▶ **Problem details**: Find the word "commute" in the data below and copy each line that holds it.

********************

lemma exists_min_gen_below:
  fixes I :: "(('n::finite \<Rightarrow>\<^sub>0 nat) \<Rightarrow>\<^sub>0 'k::comm_ring_1) set"
  shows "monom_x b \<in> I \<Longrightarrow> \<exists>g\<in>min_gens I. Poly_Mapping.lookup g \<le> Poly_Mapping.lookup b"
proof (induction b rule: measure_induct_rule[where f = "\<lambda>b. \<Sum>i\<in>UNIV. Poly_Mapping.lookup b i"])
  case (less b)
  show ?case
  proof (cases "b \<in> min_gens I")
    case False
    then obtain b' where b': "monom_x b' \<in> I" "Poly_Mapping.lookup b' \<le> Poly_Mapping.lookup b" "b' \<noteq> b"
      using less.prems unfolding min_gens_def le_fun_def by blast
    then obtain i where "Poly_Mapping.lookup b' i < Poly_Mapping.lookup b i"
      by (metis le_fun_def order.not_eq_order_implies_strict poly_mapping_eqI)
    then have "(\<Sum>i\<in>UNIV. Poly_Mapping.lookup b' i) < (\<Sum>i\<in>UNIV. Poly_Mapping.lookup b i)"
      using b'(2) by (intro sum_strict_mono_ex1) (auto simp: le_fun_def)
    then show ?thesis
      using less.IH b' by (meson order_trans)
  qed auto
qed

lemma antichain_cover:
  fixes A :: "('a \<Rightarrow> nat) set"
  assumes "\<forall>x\<in>A. \<forall>i. i \<notin> D \<longrightarrow> x i = 0" "\<forall>x\<in>A. \<forall>y\<in>A. x \<le> y \<longrightarrow> x = y" "x0 \<in> A"
  shows "A \<subseteq> insert x0 (\<Union>i\<in>D. \<Union>v<x0 i. {y\<in>A. y i = v})"
proof
  fix y assume y: "y \<in> A"
  show "y \<in> insert x0 (\<Union>i\<in>D. \<Union>v<x0 i. {y\<in>A. y i = v})"
  proof (cases "y = x0")
    case False
    then have "\<not> x0 \<le> y"
      using assms(2,3) y by blast
    then obtain i where "y i < x0 i"
      by (auto simp: le_fun_def not_le)
    moreover from this have "i \<in> D"
      using assms(1,3) by force
    ultimately show ?thesis
      using y by auto
  qed simp
qed
lemma (in positive_weights) wmean_partial_sums_powr_le:
  fixes p c :: real and a :: "nat \<Rightarrow> complex"
  assumes p: "1 < p" and c: "c < 1"
    and hyp: "\<And>n. 1 \<le> n \<Longrightarrow>
      (\<Sum>k=1..n. lam k / Lam lam n *
         (\<Prod>i=k..n. ((Lam lam (i+1) / lam (i+1) - c) / (Lam lam i / lam i)) powr (1 / (p - 1))))
      \<le> 1 / (1 - c)"
  shows "(\<Sum>n<N. norm (wmean_apply lam a (Suc n)) powr p)
    \<le> (1 / (1 - c)) powr p * (\<Sum>n<N. norm (a (Suc n)) powr p)"
proof -
  define U where "U = 1 / (1 - c)"
  define w where "w k = schur_weight lam c k powr (1 / (p - 1))" for k
  have U: "0 < U" using c by (simp add: U_def)
  have w_pos: "0 < w k" for k
    using schur_weight_pos[OF c, of k] by (simp add: w_def)
  have w_powr: "w k powr (p - 1) = schur_weight lam c k" for k
    using schur_weight_pos[OF c, of k] p by (auto simp: w_def powr_powr)
  have row: "(\<Sum>k=1..N. wmean lam n k * w k) \<le> U * w (n + 1)" if "1 \<le> n" "n \<le> N" for n N
    unfolding w_def U_def using that hyp by (intro schur_weight_row_sum[OF c]) auto
  have column: "(\<Sum>n=1..N. wmean lam n k * w (n + 1) powr (p - 1)) \<le> U * w k powr (p - 1)"
    if "1 \<le> k" for k N
    unfolding w_powr U_def using schur_weight_column_sum[OF c that] by simp
  have "(\<Sum>n<N. norm (wmean_apply lam a (Suc n)) powr p) = (\<Sum>n=1..N. norm (wmean_apply lam a n) powr p)"
    by (rule sum_bounds_lt_plus1)
  also have "\<dots> \<le> (\<Sum>n=1..N. (\<Sum>k=1..N. wmean lam n k * norm (a k)) powr p)"
    using p by (intro sum_mono powr_mono2 norm_wmean_apply_le) auto
  also have "\<dots> \<le> U powr (p - 1) * U * (\<Sum>k=1..N. norm (a k) powr p)"
    using p U w_pos wmean_nonneg row column
    by (intro schur_test_powr[where u = "\<lambda>n. w (n + 1)" and w = w]) auto
  also have "U powr (p - 1) * U = U powr p"
    using U by (simp add: powr_diff)
  also have "(\<Sum>k=1..N. norm (a k) powr p) = (\<Sum>n<N. norm (a (Suc n)) powr p)"
    by (rule sum_bounds_lt_plus1[symmetric])
  finally show ?thesis by (simp add: U_def)
qed

theorem theorem3p1:
  fixes p L :: real and lam :: "nat \<Rightarrow> real"
  assumes p: "1 < p"
    and lam_pos: "\<And>n. 1 \<le> n \<Longrightarrow> 0 < lam n"
    and L: "0 < L" "L < p"
    and hyp: "\<And>n. 1 \<le> n \<Longrightarrow>
      (\<Sum>k=1..n. lam k / Lam lam n *
         (\<Prod>i=k..n. ((Lam lam (i+1) / lam (i+1) - L / p) / (Lam lam i / lam i)) powr (1 / (p - 1))))
      \<le> p / (p - L)"
  shows "\<And>a :: nat \<Rightarrow> complex. summable (\<lambda>n. norm (a (Suc n)) powr p) \<Longrightarrow>
      summable (\<lambda>n. norm (wmean_apply lam a (Suc n)) powr p) \<and>
      (\<Sum>n. norm (wmean_apply lam a (Suc n)) powr p)
        \<le> (p / (p - L)) powr p * (\<Sum>n. norm (a (Suc n)) powr p)"
proof -
  fix a :: "nat \<Rightarrow> complex"
  assume "summable (\<lambda>n. norm (a (Suc n)) powr p)"
  interpret positive_weights lam by unfold_locales (rule lam_pos)
  have c: "L / p < 1" and U: "p / (p - L) = 1 / (1 - L / p)"
    using p L by (auto simp: field_simps)
  show "summable (\<lambda>n. norm (wmean_apply lam a (Suc n)) powr p) \<and>
      (\<Sum>n. norm (wmean_apply lam a (Suc n)) powr p) \<le> (p / (p - L)) powr p * (\<Sum>n. norm (a (Suc n)) powr p)"
    using p L wmean_partial_sums_powr_le[OF p c hyp[unfolded U]] \<open>summable _\<close>
    unfolding U by (intro summable_suminf_le_of_sum_le) auto
qed

end
lemma prob_large_offspring_le:
  assumes int: "integrable M (\<lambda>x. real (bpi X E (k - 1) x))"
  shows "prob {x\<in>space M. 1 \<le> large_offspring_count k T x}
    \<le> expectation (\<lambda>x. real (bpi X E (k - 1) x)) * tail_prob p T"
proof -
  let ?EY = "expectation (\<lambda>x. real (bpi X E (k - 1) x))"
  have EY: "0 \<le> ?EY" by (rule integral_nonneg_AE) auto
  have nonneg: "0 \<le> large_offspring_count k T x" for x
    unfolding large_offspring_count_def by (auto intro: sum_nonneg)
  have "(\<integral>\<^sup>+x. ennreal (large_offspring_count k T x) \<partial>M) =
      (\<integral>\<^sup>+x. ennreal (real (bpi X E (k - 1) x)) \<partial>M) * (\<integral>\<^sup>+z. indicator {z. T \<le> real z} z \<partial>measure_pmf p)"
    unfolding large_offspring_count_def using wald_identity[of "indicator {z. T \<le> real z}"]
    by (simp add: ennreal_indicator)
  also have "\<dots> = ennreal (?EY * tail_prob p T)"
    using nn_integral_eq_integral[OF int]
    by (simp add: tail_prob_def measure_pmf.emeasure_eq_measure ennreal_mult EY)
  finally have le: "(\<integral>\<^sup>+x. ennreal (large_offspring_count k T x) \<partial>M) \<le> ennreal (?EY * tail_prob p T)"
    by simp
  have "prob {x\<in>space M. 1 \<le> large_offspring_count k T x} \<le> expectation (large_offspring_count k T) / 1"
    using nonneg integrable_if_nn_integral_le[OF _ _ le]
    by (intro integral_Markov_inequality_measure[where A="space M"]) (auto simp: EY tail_prob_nonneg)
  also have "\<dots> \<le> ?EY * tail_prob p T"
    using nonneg integral_le_if_nn_integral_le[OF _ _ le] by (simp add: EY tail_prob_nonneg)
  finally show ?thesis .
qed
lemma nested_path_term_long:
  assumes x: "x \<in> C" and zs: "set zs \<subseteq> C" "set zs' \<subseteq> C" and B: "\<And>z. z \<in> C \<Longrightarrow> ind z < B"
    and len: "B \<le> length zs + length zs'"
  shows "nested_path_term p x \<alpha> y zs zs' = 0"
proof -
  have "0 \<in> set (map snd (path_entries ind M x (zs @ zs')))"
    using long_path_has_zero_entry[OF cocycle x, of "zs @ zs'"] zs B[OF x] len by simp
  then have "0 \<in> set (map snd (path_entries ind M x zs)) \<or> 0 \<in> set (map snd (path_entries ind M (last (x # zs)) zs'))"
    by (simp add: path_entries_append)
  then show ?thesis
  proof
    assume "0 \<in> set (map snd (path_entries ind M x zs))"
    then have "\<nu> (length zs + 1) \<alpha> (map snd (path_entries ind M x zs)) = 0" by (rule nu_zero_entry)
    then show ?thesis by (simp add: nested_path_term_def)
  next
    assume "0 \<in> set (map snd (path_entries ind M (last (x # zs)) zs'))"
    then have "\<nu> (length zs' + 1) \<beta> (map snd (path_entries ind M (last (x # zs)) zs')) = 0" for \<beta>
      by (rule nu_zero_entry)
    then show ?thesis by (simp add: nested_path_term_def)
  qed
qed

lemma sum_nested_path_terms:
  assumes P: "P \<in> paths L C"
  shows "(\<Sum>n\<le>L. nested_path_term p x \<alpha> y (take n P) (drop n P))
     = (if last (x # P) = y then zsgn (path_sign ind p x P) (ainf_nu_nu_part \<nu> (Suc L) \<alpha> (path_entries ind M x P)) else 0)"
proof (cases "last (x # P) = y")
  case True
  have len: "length P = L" using P by (simp add: paths_def)
  have "ainf_nu_nu_part \<nu> (Suc L) \<alpha> (path_entries ind M x P) = (\<Sum>n\<le>L. zsgn (int (Suc n) * int (L - n))
      (\<nu> (L - n + 1) (\<nu> (Suc n) \<alpha> (map snd (take n (path_entries ind M x P)))) (map snd (drop n (path_entries ind M x P)))))"
    unfolding ainf_nu_nu_part_def One_nat_def sum.atLeast1_atMost_eq lessThan_Suc_atMost
    by (rule sum.cong) (auto simp: Suc_diff_le)
  moreover have "nested_path_term p x \<alpha> y (take n P) (drop n P)
      = zsgn (path_sign ind p x P) (zsgn (int (Suc n) * int (L - n))
          (\<nu> (L - n + 1) (\<nu> (Suc n) \<alpha> (map snd (take n (path_entries ind M x P)))) (map snd (drop n (path_entries ind M x P)))))"
    if "n \<in> {..L}" for n
  proof -
    from that len have n: "n \<le> length P" by simp
    have l: "last (last (x # take n P) # drop n P) = y" using True by (simp only: last_take_drop)
    have "nested_path_term p x \<alpha> y (take n P) (drop n P) = zsgn (path_sign ind p x P + int (n + 1) * int (length P - n))
        (\<nu> (length (drop n P) + 1) (\<nu> (length (take n P) + 1) \<alpha> (map snd (path_entries ind M x (take n P))))
          (map snd (path_entries ind M (last (x # take n P)) (drop n P))))"
      unfolding nested_path_term_def if_P[OF l] by (rule zsgn_cong[OF path_sign_take_drop[OF n]])
    moreover have "length (drop n P) + 1 = L - n + 1" "length (take n P) + 1 = Suc n" using n len by auto
    ultimately show ?thesis
      unfolding take_path_entries[OF n] drop_path_entries[OF n] zsgn_exp_add len Suc_eq_plus1 by simp
  qed
  ultimately show ?thesis
    using True by (simp add: zsgn_sum)
next
  case False
  then show ?thesis
    unfolding nested_path_term_def last_take_drop by simp
qed
lemma binomial_inversion:
  "(\<Sum>k\<le>u. (-1) ^ (k - u0) * int (k choose u0) * int (u choose k)) = of_bool (u = u0)"
proof (cases "u0 \<le> u")
  case False
  then show ?thesis by (intro trans[OF sum.neutral]) auto
next
  case True
  define d where "d = u - u0"
  have "(\<Sum>k\<le>u. (-1) ^ (k - u0) * int (k choose u0) * int (u choose k)) =
        (\<Sum>k\<in>{u0..u}. (-1) ^ (k - u0) * int (k choose u0) * int (u choose k))"
    by (rule sum.mono_neutral_right) auto
  also have "\<dots> = (\<Sum>k\<in>{u0..u}. (-1) ^ (k - u0) * int (u choose u0) * int ((u - u0) choose (k - u0)))"
  proof (intro sum.cong refl)
    fix k assume "k \<in> {u0..u}"
    then have "(u choose k) * (k choose u0) = (u choose u0) * ((u - u0) choose (k - u0))"
      by (intro choose_mult) auto
    then show "(-1) ^ (k - u0) * int (k choose u0) * int (u choose k) = (-1) ^ (k - u0) * int (u choose u0) * int ((u - u0) choose (k - u0))"
      by (metis (no_types, lifting) mult.assoc mult.commute of_nat_mult)
  qed
  also have "\<dots> = (\<Sum>i\<in>{0..d}. (-1) ^ i * int (u choose u0) * int (d choose i))"
    using sum.shift_bounds_cl_nat_ivl[of "\<lambda>k. (-1) ^ (k - u0) * int (u choose u0) * int ((u - u0) choose (k - u0))" 0 u0 d]
    unfolding d_def using True by simp
  also have "\<dots> = int (u choose u0) * (\<Sum>i\<le>d. (-1) ^ i * int (d choose i))"
    by (simp add: sum_distrib_left atLeast0AtMost algebra_simps)
  also have "\<dots> = of_bool (u = u0)"
  proof (cases "d = 0")
    case True then show ?thesis using \<open>u0 \<le> u\<close> by (simp add: d_def)
  next
    case False
    then have "(\<Sum>i\<le>d. (-1) ^ i * int (d choose i)) = 0" by (intro choose_alternating_sum) simp
    then show ?thesis using False by (simp add: d_def)
  qed
  finally show ?thesis .
qed


text \<open>Modulo a prime \<open>p\<close>, \<open>t choose k\<close> for \<open>k < p ^ e\<close> depends only on \<open>t mod p ^ e\<close> (a weak form of
  Lucas' theorem); binomial inversion then recovers the indicator of \<open>t mod p ^ e = u\<close>.\<close>

definition inversion_coeff :: "nat \<Rightarrow> nat \<Rightarrow> int" where
  "inversion_coeff u0 k = (-1) ^ (k - u0) * int (k choose u0)"

lemma inversion_sum_cong:
  assumes p: "prime (p::nat)"
  shows "[(\<Sum>k<p ^ e. inversion_coeff u0 k * int (t choose k)) = of_bool (t mod p ^ e = u0)] (mod int p)"
proof -
  define u where "u = t mod p ^ e"
  have u: "u < p ^ e" using p by (simp add: u_def prime_gt_0_nat)
  have "[(\<Sum>k<p ^ e. inversion_coeff u0 k * int (t choose k)) = (\<Sum>k<p ^ e. inversion_coeff u0 k * int (u choose k))] (mod int p)"
  proof (intro cong_sum cong_mult cong_refl)
    fix k assume "k \<in> {..<p ^ e}"
    then show "[int (t choose k) = int (u choose k)] (mod int p)"
      unfolding u_def using choose_mod_prime_power_cong[OF p, of k e t] by (simp add: cong_int_iff)
  qed
  also have "(\<Sum>k<p ^ e. inversion_coeff u0 k * int (u choose k)) = (\<Sum>k\<le>u. inversion_coeff u0 k * int (u choose k))"
    by (rule sum.mono_neutral_right) (use u in auto)
  also have "\<dots> = of_bool (u = u0)" unfolding inversion_coeff_def using binomial_inversion[where u=u and u0=u0] by simp
  finally show ?thesis unfolding u_def .
qed

lemma sum_card_subsets:
  assumes "finite Y"
  shows "(\<Sum>V\<in>{V. V \<subseteq> Y \<and> card V < M}. g (card V)) = (\<Sum>k<M. int (card Y choose k) * g k)"
proof (induction M)
  case 0 then show ?case by simp
next
  case (Suc M)
  have split: "{V. V \<subseteq> Y \<and> card V < Suc M} = {V. V \<subseteq> Y \<and> card V < M} \<union> {V. V \<subseteq> Y \<and> card V = M}" by auto
  have fin: "finite {V. V \<subseteq> Y \<and> card V < M}" "finite {V. V \<subseteq> Y \<and> card V = M}"
    using assms by (auto intro: finite_subset[of _ "Pow Y"])
  have "(\<Sum>V\<in>{V. V \<subseteq> Y \<and> card V < Suc M}. g (card V)) =
      (\<Sum>V\<in>{V. V \<subseteq> Y \<and> card V < M}. g (card V)) + (\<Sum>V\<in>{V. V \<subseteq> Y \<and> card V = M}. g (card V))"
    unfolding split by (rule sum.union_disjoint) (use fin in auto)
  also have "(\<Sum>V\<in>{V. V \<subseteq> Y \<and> card V = M}. g (card V)) = int (card Y choose M) * g M"
    using n_subsets[OF assms, of M] by simp
  finally show ?case using Suc by simp
qed

lemma card_detector_cong:
  assumes q: "prime q" and U: "finite U" "Y \<subseteq> U"
  shows "[(\<Sum>V\<in>{V. V \<subseteq> U \<and> card V < q ^ e}. inversion_coeff u (card V) * of_bool (V \<subseteq> Y))
    = of_bool (card Y mod q ^ e = u)] (mod int q)"
proof -
  have "finite {V. V \<subseteq> U \<and> card V < q ^ e}" using U(1) by (auto intro: finite_subset[of _ "Pow U"])
  then have "(\<Sum>V\<in>{V. V \<subseteq> U \<and> card V < q ^ e}. inversion_coeff u (card V) * of_bool (V \<subseteq> Y))
      = (\<Sum>V\<in>{V. V \<subseteq> Y \<and> card V < q ^ e}. inversion_coeff u (card V))"
    using U(2) by (intro sum.mono_neutral_cong_right) auto
  also have "\<dots> = (\<Sum>k<q ^ e. inversion_coeff u k * int (card Y choose k))"
    using U finite_subset by (subst sum_card_subsets) (auto simp: mult.commute)
  finally show ?thesis using inversion_sum_cong[OF q] by simp
qed
section \<open>Complex matrices from their real and imaginary parts\<close>

definition cmatrix :: "real^'n^'m \<Rightarrow> real^'n^'m \<Rightarrow> complex^'n^'m" where
  "cmatrix D A = (\<chi> i j. Complex (D $ i $ j) (A $ i $ j))"

lemma cmatrix_Re_Im: "H = cmatrix (\<chi> i j. Re (H $ i $ j)) (\<chi> i j. Im (H $ i $ j))"
  by (simp add: cmatrix_def vec_eq_iff complex_eq_iff)

lemma cmatrix_eq_iff: "cmatrix D A = cmatrix D' A' \<longleftrightarrow> D = D' \<and> A = A'"
  by (auto simp: cmatrix_def vec_eq_iff complex_eq_iff)

lemma cmatrix_eq_0_iff [simp]: "cmatrix D A = 0 \<longleftrightarrow> D = 0 \<and> A = 0"
  by (auto simp: cmatrix_def vec_eq_iff complex_eq_iff)

lemma transpose_cmatrix: "transpose (cmatrix D A) = cmatrix (transpose D) (transpose A)"
  by (simp add: cmatrix_def transpose_def vec_eq_iff)

lemma conj_transpose_cmatrix:
  "conj_transpose (cmatrix D A) = cmatrix (transpose D) (- transpose A)"
  by (simp add: conj_transpose_def cmatrix_def transpose_def vec_eq_iff complex_eq_iff)

lemma hermitian_cmatrix_iff:
  "hermitian (cmatrix D A) \<longleftrightarrow> transpose D = D \<and> transpose A = - A"
  by (metis hermitian_def conj_transpose_cmatrix cmatrix_eq_iff minus_minus)

lemma scaleR_cmatrix: "k *\<^sub>R cmatrix D A = cmatrix (k *\<^sub>R D) (k *\<^sub>R A)"
  by (simp add: cmatrix_def vec_eq_iff complex_eq_iff)

lemma cmatrix_mult:
  "cmatrix D A ** cmatrix D' A' = cmatrix (D ** D' - A ** A') (D ** A' + A ** D')"
  by (simp add: cmatrix_def matrix_matrix_mult_def vec_eq_iff complex_eq_iff
      sum_subtractf sum.distrib)

lemma cmatrix_mult_transpose:
  fixes D A :: "real^'n^'n"
  assumes "transpose D = D" "transpose A = - A"
  shows "cmatrix D A ** transpose (cmatrix D A) = cmatrix (D ** D + A ** A) (A ** D - D ** A)"
  by (simp add: assms transpose_cmatrix cmatrix_mult matrix_mul_minus_right)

********************

▶ **Completed task**:
      by (metis (no_types, lifting) mult.assoc mult.commute of_nat_mult)
    using U finite_subset by (subst sum_card_subsets) (auto simp: mult.commute)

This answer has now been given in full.